Figure 6. Klf2 transcription is dependent on a downstream regulatory element that is in physical proximity with the promoter.

1. Genomic tracks showing physical interactions with the Klf2 promoter measured by micro‐capture‐C (MCC). SOX2 binding measured by ChIPseq is shown for the untreated (NT) condition. ATACseq and by TT_chemseq data is shown for NT and 2 h dTAG‐13 treatment in SOX2‐FKBP cells. The eye symbol indicates the viewpoint for MCC. Contacts with a downstream DAR is shown in the zoomed‐in inset. Dotted lines indicate the region targeted for deletion. Y‐axes indicate reads per genomic content (RPGC).
2. Left: schematic of the procedure to mutate the SOX2 motif. Right: bar plot showing Klf2 expression in wild‐type (WT) and mutant clones for the SOX2 motif. Error bars indicate standard deviation for three biological replicates. Two primers set (circle and triangle) are indicated.
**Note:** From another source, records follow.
lemma continuous_on_div_neg_deriv:
  assumes "S \<subseteq> {0<..}" "\<And>u. u \<in> S \<Longrightarrow> isCont g u"
  shows "continuous_on S (\<lambda>u. g u / - deriv f u)"
proof (intro continuous_at_imp_continuous_on ballI)
  fix u assume "u \<in> S"
  then show "isCont (\<lambda>u. g u / - deriv f u) u"
    using assms isCont_deriv[of u] deriv_neg[of u] by (intro continuous_intros) auto
qed

lemma filterlim_neg_deriv_at_right_0: "filterlim (\<lambda>u. - deriv f u) at_top (at_right 0)"
proof (rule filterlim_at_top_mono)
  show "filterlim (\<lambda>u. f u - f 1) at_top (at_right 0)"
    using filterlim_tendsto_add_at_top[OF tendsto_const filterlim_at_right_0, of "- f 1"] by simp
  have "f u - f 1 \<le> - deriv f u" if "0 < u" "u < 1" for u
  proof -
    have "- deriv f u * (1 - u) \<le> - deriv f u"
      using deriv_neg[of u] that by (simp add: mult_left_le)
    then show ?thesis
      using above_tangent[of u 1] that by simp
  qed
  then show "\<forall>\<^sub>F u in at_right 0. f u - f 1 \<le> - deriv f u"
    unfolding eventually_at_right_field by (intro exI[of _ 1]) auto
qed

text \<open>For 0 < u < v the tangent at u gives f u \<le> f v + (- f' u) v, and - f' u \<rightarrow> \<infinity>.\<close>
lemma tendsto_div_neg_deriv_at_right_0: "((\<lambda>u. f u / - deriv f u) \<longlongrightarrow> 0) (at_right 0)"
proof (rule order_tendstoI)
  fix a :: real
  assume "a < 0"
  have "a < f u / - deriv f u" if "0 < u" for u
  proof -
    have "0 < f u / - deriv f u"
      using pos[OF that] deriv_neg[OF that] by (simp add: divide_pos_neg)
    then show ?thesis
      using \<open>a < 0\<close> by linarith
  qed
  then show "\<forall>\<^sub>F u in at_right 0. a < f u / - deriv f u"
    unfolding eventually_at_right_field by (intro exI[of _ 1]) auto
next
  fix e :: real
  assume "0 < e"
  define v where "v = e / 2"
  have "\<forall>\<^sub>F u in at_right 0. 2 * f v / e < - deriv f u"
    using filterlim_neg_deriv_at_right_0 by (simp add: filterlim_at_top_dense)
  moreover have "\<forall>\<^sub>F u in at_right 0. 0 < u \<and> u < v"
    unfolding eventually_at_right_field using \<open>0 < e\<close> by (intro exI[of _ v]) (auto simp: v_def)
  ultimately show "\<forall>\<^sub>F u in at_right 0. f u / - deriv f u < e"
  proof eventually_elim
    case (elim u)
    then have "0 < - deriv f u" "0 < u" "u < v"
      using deriv_neg by auto
    then have "deriv f u * u < 0"
      by (simp add: mult_neg_pos)
    moreover have "deriv f u * (v - u) \<le> f v - f u"
      using above_tangent elim \<open>0 < e\<close> by (simp add: v_def)
    ultimately have "f u \<le> f v + (- deriv f u) * v"
      by (simp add: algebra_simps)
    then show ?case
      using elim \<open>0 < - deriv f u\<close> \<open>0 < e\<close> by (simp add: v_def field_simps)
  qed
qed
(* Let $w\in\mathfrak{S}_n$ be Bruhat irreducible and almost reducible at $(J,i)$. Then $J=\{s_1,\ldots,s_i\}$ or $J=\{s_i,\ldots,s_{n-1}\}$.
   Context: $\mathfrak{S}_n$ is the Coxeter group with $S=\{s_1,\ldots,s_{n-1}\}$, $s_i=(i\ i{+}1)$, length $\ell$. $\supp(x)$ is the set of simple generators in a reduced word for $x$; $D_L(x)=\{s\in S:\ell(sx)<\ell(x)\}$, $D_R(x)=\{s\in S:\ell(xs)<\ell(x)\}$. For $J\subseteq S$, $x=x^Jx_J$ is the parabolic decomposition with $x_J$ in the subgroup $W_J$ generated by $J$ and $x^J$ the minimal-length element of $xW_J$. It is a BP-decomposition if $\supp(x^J)\cap J\subseteq D_L(x_J)$. $w$ is Bruhat irreducible if $\supp(w)=S$ and $w$ cannot be written as $w=w'w''$ with $w',w''\neq e$ and $\supp(w')\cap\supp(w'')=\emptyset$. A Bruhat irreducible $w$ is almost reducible at $(J,i)$ if $w=w^Jw_J$ is a BP-decomposition with $\supp(w^J)\cap J=\{s_i\}$ and $s_i\notin D_L(w)$, $s_i\notin D_R(w)$. *)

theory Defs
  imports "HOL-Combinatorics.Permutations"
begin

text \<open>Elements of the symmetric group S_n are permutations of {1..n}, i.e. functions
  w :: nat => nat with w permutes {1..n}.  Multiplication xy is composition x o y.
  A simple generator s_i (1 <= i <= n-1) is represented by its index i; S = {1..<n}.\<close>

definition sgen :: "nat \<Rightarrow> nat \<Rightarrow> nat" where
  "sgen i = (\<lambda>x. if x = i then Suc i else if x = Suc i then i else x)"

definition wprod :: "nat list \<Rightarrow> nat \<Rightarrow> nat" where
  "wprod ws = foldr (\<lambda>i acc. sgen i \<circ> acc) ws id"

definition sym_group :: "nat \<Rightarrow> (nat \<Rightarrow> nat) set" where
  "sym_group n = {w. w permutes {1..n}}"

definition is_word :: "nat \<Rightarrow> nat list \<Rightarrow> (nat \<Rightarrow> nat) \<Rightarrow> bool" where
  "is_word n ws w \<longleftrightarrow> set ws \<subseteq> {1..<n} \<and> wprod ws = w"

definition clen :: "nat \<Rightarrow> (nat \<Rightarrow> nat) \<Rightarrow> nat" where
  "clen n w = (LEAST k. \<exists>ws. is_word n ws w \<and> length ws = k)"

definition reduced_word :: "nat \<Rightarrow> nat list \<Rightarrow> (nat \<Rightarrow> nat) \<Rightarrow> bool" where
  "reduced_word n ws w \<longleftrightarrow> is_word n ws w \<and> length ws = clen n w"

text \<open>Support: the set of generators occurring in a reduced word (independent of the choice).\<close>
definition supp :: "nat \<Rightarrow> (nat \<Rightarrow> nat) \<Rightarrow> nat set" where
  "supp n w = {i. \<exists>ws. reduced_word n ws w \<and> i \<in> set ws}"

definition DL :: "nat \<Rightarrow> (nat \<Rightarrow> nat) \<Rightarrow> nat set" where
  "DL n x = {i \<in> {1..<n}. clen n (sgen i \<circ> x) < clen n x}"

definition DR :: "nat \<Rightarrow> (nat \<Rightarrow> nat) \<Rightarrow> nat set" where
  "DR n x = {i \<in> {1..<n}. clen n (x \<circ> sgen i) < clen n x}"

definition parab :: "nat set \<Rightarrow> (nat \<Rightarrow> nat) set" where
  "parab J = {wprod ws | ws. set ws \<subseteq> J}"

definition parabolic_decomp :: "nat \<Rightarrow> nat set \<Rightarrow> (nat \<Rightarrow> nat) \<Rightarrow> (nat \<Rightarrow> nat) \<Rightarrow> (nat \<Rightarrow> nat) \<Rightarrow> bool" where
  "parabolic_decomp n J x u v \<longleftrightarrow>
     x = u \<circ> v \<and> v \<in> parab J \<and>
     (\<forall>y \<in> parab J. clen n u \<le> clen n (x \<circ> y))"

definition BP_decomp :: "nat \<Rightarrow> nat set \<Rightarrow> (nat \<Rightarrow> nat) \<Rightarrow> (nat \<Rightarrow> nat) \<Rightarrow> (nat \<Rightarrow> nat) \<Rightarrow> bool" where
  "BP_decomp n J x u v \<longleftrightarrow> parabolic_decomp n J x u v \<and> supp n u \<inter> J \<subseteq> DL n v"

definition bruhat_irreducible :: "nat \<Rightarrow> (nat \<Rightarrow> nat) \<Rightarrow> bool" where
  "bruhat_irreducible n w \<longleftrightarrow>
     supp n w = {1..<n} \<and>
     \<not> (\<exists>w' w''. w' \<in> sym_group n \<and> w'' \<in> sym_group n \<and> w' \<noteq> id \<and> w'' \<noteq> id \<and>
            w = w' \<circ> w'' \<and> supp n w' \<inter> supp n w'' = {})"

definition almost_reducible :: "nat \<Rightarrow> (nat \<Rightarrow> nat) \<Rightarrow> nat set \<Rightarrow> nat \<Rightarrow> bool" where
  "almost_reducible n w J i \<longleftrightarrow>
     bruhat_irreducible n w \<and> J \<subseteq> {1..<n} \<and>
     (\<exists>u v. BP_decomp n J w u v \<and> supp n u \<inter> J = {i}) \<and>
     i \<notin> DL n w \<and> i \<notin> DR n w"

end

theory Submission
  imports Defs
begin

text \<open>
  Say that a permutation x splits at m if it maps {1..m} onto itself. Identifying the Coxeter
  length with the number of inversions, one sees that s_m lies in supp x exactly when x does not
  split at m. So a Bruhat irreducible w splits nowhere, and it has no factorisation w = x y with
  x and y each splitting somewhere and every m a splitting point of x or of y.

  In the BP-decomposition w = u v, the element u splits at every point of J except i, and v,
  lying in W_J, splits at every point outside J. Cutting u or v at one of these points into its
  parts acting below and above it yields a forbidden factorisation unless J is an interval
  around i that reaches s_1 as soon as it extends below i and reaches s_(n-1) as soon as it
  extends above i. It cannot extend on both sides: u is a minimal coset representative, so
  u i < u (i + 1), and together with splitting at i - 1 and at i + 1 this forces u to split at i.
  Finally J = {s_i} would give w = u s_i with l(w) = l(u) + 1, making s_i a right descent of w.
\<close>

lemma sgen_eq_transpose: "sgen i = transpose i (Suc i)"
  by (auto simp: sgen_def transpose_def fun_eq_iff)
3. Barplot showing Klf2 expression in clones with intact (WT) and disrupted DAR (∆DAR) indicated in (A), as measured by RT–qPCR normalized to the Rsp26 housekeeping gene. Bar heights indicate means and error bars indicate standard deviation for three biological replicates.
4. Genomic tracks showing ATACseq signal around the Klf2 locus upon knockout of the DAR indicated in (A) in three ∆DAR clones. In gray, accessibility of the NT sample in (A) is shown for comparison. Y‐axes indicate reads per genomic content.